Dasatinib with intensive chemotherapy in newly diagnosed pediatric patients with Ph+ ALL

Dasatinib is approved by the U.S. Food and Drug Administration (FDA) as a second-generation ABL-class tyrosine kinase inhibitor for the treatment of newly diagnosed adult patients with Philadelphia (Ph)-positive acute lymphoblastic leukemia (ALL). The phase II Children’s Oncology Group (COG) AALL0622 (NCT00720109) trial showed promising efficacy and safety of dasatinib in combination with the AALL0031 (NCT00022737)-based intensive chemotherapy backbone in a small cohort of pediatric patients with Ph+ ALL.

Here, we summarize the results of the open-label, single-arm, phase II study, CA180-372/COG AALL1122 (NCT01460160) , recently published by Hunger et al.¹ investigating the efficacy of dasatinib in combination with intensive chemotherapy in newly diagnosed pediatric patients with Ph+ ALL.

Study design

The CA180-372/COG AALL1122 study was a joint COG and European intergroup trial of post-induction treatment of Ph+ ALL (EsPhALL). Patients aged < 18 years with newly diagnosed Ph+ ALL and performance status of at least 60% received EsPhALL-based intensive chemotherapy plus dasatinib 60 mg/m² orally once daily from Day 15 of induction.

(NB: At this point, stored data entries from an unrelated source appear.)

theorem lemma7:
  fixes c :: real
  assumes "c > 0"
  shows "\<exists>d::real. \<forall>(Q::qsearch) (K0::real). qsearch_spec Q K0 d \<longrightarrow>
     (\<exists>K::real. \<forall>n adj port A1 (\<alpha>::nat).
        wakeup_instance n adj port A1 \<and> 2 ^ beta \<alpha> \<le> n \<longrightarrow>
        measure_pmf.prob (B0_cost Q n adj port A1 \<alpha>)
          {x. real x \<le> K * sqrt (real n ^ 3 / 2 ^ beta \<alpha>) * ln (real n)}
        \<ge> 1 - 1 / real n powr c)"
proof (rule exI[of _ "c + 2"], intro allI impI, goal_cases)
  case (1 Q K0)
  note spec = this
  show ?case
  proof (rule exI[of _ "sqrt 2 * \<bar>K0\<bar> + 2 / ln 2"], intro allI impI, goal_cases)
    case (1 n adj port A1 \<alpha>)
    then interpret wakeup_graph n adj port A1 by unfold_locales simp
    show ?case
    proof (cases "n = 1")
      case False
      then have "2 \<le> n" using n_pos by simp
      with spec 1 show ?thesis using B0_cost_whp by simp
    qed simp
  qed
qed

end
theorem proposition6:
  fixes a :: "'a::finite"
    and \<phi> :: "'a list \<Rightarrow> 'm::{monoid_mult,finite}"
    and \<psi> :: "'a list \<Rightarrow> 'n::{monoid_mult,finite}"
  assumes "J_trivial TYPE('m)" and "J_trivial TYPE('n)"
    and "monoid_hom \<phi>" and "monoid_hom \<psi>"
  shows "(\<forall>u. card (fst (snd (mu \<phi> \<psi> a u)))
              \<le> longest_R_chain TYPE('m) + longest_L_chain TYPE('n) - 1)
    \<and> longest_R_chain TYPE('m) + longest_L_chain TYPE('n) - 1 \<le> card (UNIV :: 'm set) + card (UNIV :: 'n set) - 1
    \<and> card (range (mu \<phi> \<psi> a))
        \<le> card (UNIV :: 'm set) * card (UNIV :: 'n set) *
          (\<Sum>i = 0..longest_R_chain TYPE('m) + longest_L_chain TYPE('n) - 1.
              (card (UNIV :: 'm set) * card (UNIV :: 'n set)) choose i)"
proof (intro conjI)
  show entry_bound: "\<forall>u. card (fst (snd (mu \<phi> \<psi> a u)))
      \<le> longest_R_chain TYPE('m) + longest_L_chain TYPE('n) - 1"
    using card_mu_entry_le[OF assms] by (simp add: longest_R_chain_eq longest_L_chain_eq)
  show "longest_R_chain TYPE('m) + longest_L_chain TYPE('n) - 1
      \<le> card (UNIV :: 'm set) + card (UNIV :: 'n set) - 1"
    using longest_chain_le_card[of "R_le :: 'm \<Rightarrow> 'm \<Rightarrow> bool"]
      longest_chain_le_card[of "L_le :: 'n \<Rightarrow> 'n \<Rightarrow> bool"]
    by (simp add: longest_R_chain_eq longest_L_chain_eq)
  show "card (range (mu \<phi> \<psi> a)) \<le> card (UNIV :: 'm set) * card (UNIV :: 'n set) *
      (\<Sum>i = 0..longest_R_chain TYPE('m) + longest_L_chain TYPE('n) - 1.
        (card (UNIV :: 'm set) * card (UNIV :: 'n set)) choose i)"
    using entry_bound by (intro card_range_spmat_le) blast
qed

end
lemma continuum_ordLeq_stick''_prop:
  assumes MA: "MA_for (Fn K) Fn_le" and "stick''_prop K"
  shows "continuum \<le>o |K|"
proof (rule ccontr)
  obtain X where X: "X \<subseteq> ctbl_subsets K" "|X| =o |K|"
    and catches: "\<forall>y. y \<subseteq> K \<and> |y| =o |K| \<longrightarrow> (\<exists>x\<in>X. x \<subseteq> y)" and "aleph1 \<le>o |K|"
    using assms(2) unfolding stick''_prop_def by blast
  assume "\<not> continuum \<le>o |K|"
  then have small: "|K| <o continuum"
    by (simp add: not_ordLeq_iff_ordLess[OF card_of_Well_order card_of_Well_order])
  have "\<forall>x\<in>X. infinite x"
    using X(1) by (auto simp: ctbl_subsets_iff)
  then obtain y where y: "y \<subseteq> K" "|y| =o |K|" "\<forall>x\<in>X. \<not> x \<subseteq> y"
    using MA_Fn_avoiding_subset[OF MA infinite_if_aleph1_ordLeq[OF \<open>aleph1 \<le>o |K|\<close>] small
        inj_on_id ordIso_ordLess_trans[OF X(2) small]]
    by auto
  then show False
    using catches[rule_format, OF conjI[OF y(1,2)]] by blast
qed

theorem fact1p3:
  fixes W :: "'w set"
  assumes "(card_of W, aleph1) \<in> ordIso"
  shows
    "(MA_for (Fn W) Fn_le \<longrightarrow>
        ((\<exists>X. stick_family W X \<and> (card_of X, continuum) \<in> ordIso) \<and>
         (\<forall>X. stick_family W X \<longrightarrow> (continuum, card_of X) \<in> ordLeq)) \<and>
        (stick'_prop (UNIV :: nat set set) \<and>
         (\<forall>K :: 'k set. stick'_prop K \<longrightarrow> (continuum, card_of K) \<in> ordLeq)))
     \<and>
     ((\<forall>K :: 'c set. MA_for (Fn K) Fn_le) \<longrightarrow>
        stick''_prop (UNIV :: nat set set) \<and>
        (\<forall>K :: 'c set. stick''_prop K \<longrightarrow> (continuum, card_of K) \<in> ordLeq))"
proof (intro conjI impI allI)
  show "\<exists>X. stick_family W X \<and> |X| =o continuum" if "MA_for (Fn W) Fn_le"
    using stick_family_ctbl_subsets card_of_ctbl_subsets_ordIso_continuum[OF that assms] by blast
  show "continuum \<le>o |X|" if "MA_for (Fn W) Fn_le" "stick_family W X" for X
    using continuum_ordLeq_stick_family[OF that(1) assms that(2)] .
  show "stick'_prop (UNIV :: nat set set)" "stick''_prop (UNIV :: nat set set)"
    by (rule stick'_prop_Pow_nat, rule stick''_prop_Pow_nat)
  show "continuum \<le>o |K|" if "MA_for (Fn W) Fn_le" "stick'_prop K" for K :: "'k set"
    using continuum_ordLeq_stick'_prop[OF that(1) assms that(2)] .
  show "continuum \<le>o |K|" if "\<forall>K :: 'c set. MA_for (Fn K) Fn_le" "stick''_prop K"
    for K :: "'c set"
    using continuum_ordLeq_stick''_prop[OF spec[OF that(1)] that(2)] .
qed

end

Minimal residual disease (MRD) was measured at three time points during therapy: at the end of induction 1A (the first four weeks of treatment), at the end of induction 1B (the second 4 weeks of treatment), and at the end of consolidation block three. Patients with MRD ≥ 0.05% after induction 1B or who remained MRD positive after receiving three consolidation blocks were classified as high risk and allocated to receive hematopoietic stem-cell transplantation in the first complete remission. The remaining patients were considered standard risk and received chemotherapy plus dasatinib for 2 years.

Endpoints

• Primary endpoint: 3-year event-free survival (EFS).
• This trial was to be considered positive if one of the following comparisons to historical controls were met:
  • A 3-year EFS superior to that of patients with Ph+ ALL treated in the high-risk group of AIEOP-BFM 2000 (NCT01117441) (estimated to be 52%)
  • A 3-year EFS non-inferior (with a margin of -5%) or superior (estimated to be 78%) to imatinib plus chemotherapy in the EsPhALL 2010 trial.

Results

Overall, 109 patients were included in the trial and 106 received dasatinib (three patients were excluded). Patient characteristics are shown in Table 1.

Table 1. Patient characteristics*

Outcomes

The trial met its primary efficacy endpoint.

• The 3-year EFS was superior in patients receiving dasatinib plus intensive chemotherapy when compared to the patients with Ph+ ALL treated in the high-risk group of AIEOP-BFM 2000 (p = 0.032) (Figure 1).
• The 3-year EFS was non-inferior (59.1% [90% confidence interval, 51.8 – 66.2], 90% confidence interval of the treatment difference was –3 to 17.2), but not superior to the 3-year EFS of the amended EsPhALL 2010 study with continuous imatinib and the same chemotherapy backbone (p = 0.27) (Figure 2).

Figure 1. The 3-year EFS in patients receiving dasatinib plus intensive chemotherapy vs AIEOP-BFM 2000   

EFS, event-free survival.

Figure 2. The 3-year EFS patients receiving dasatinib plus intensive chemotherapy vs EsPhALL 2010 

EFS, event-free survival; EsPhALL, European intergroup trial of post-induction treatment of Ph+ ALL.

Events

• Overall, 48 events occurred among the 106 treated patients, relapses (36%), remission deaths (8%), and second malignant neoplasm (1%).

• The most frequent adverse events were febrile neutropenia, blood infections, and Grade 4 sepsis, as shown in Table 2.
• There were nine deaths in remission due to infections (n = 5), transplantation related (n = 2), cardiac arrest (n = 1), or due to unknown cause (n = 1). No dasatinib-related deaths were recorded.

Table 2. The most frequent adverse events*

MRD

Based on MRD analysis at the end of induction 1A, all 106 patients reached full remission. Immunoglobulin and T-cell receptor testing revealed that 35% of 86 patients were MRD-negative at the end of induction 1A; this number increased to 62% of 90 patients at the end of induction 1B, and to 89% of 85 patients at the end of consolidation block 3.

Conclusion

Dasatinib plus intensive chemotherapy showed promising efficacy with a manageable safety profile in newly diagnosed pediatric patients with Ph+ ALL. The 3-year EFS was similar to that of previous trials in patients with Ph+ ALL. To further improve the outcomes in children with Ph+ ALL, newer tyrosine kinase inhibitors represent potential strategies that could be investigated in the future trials.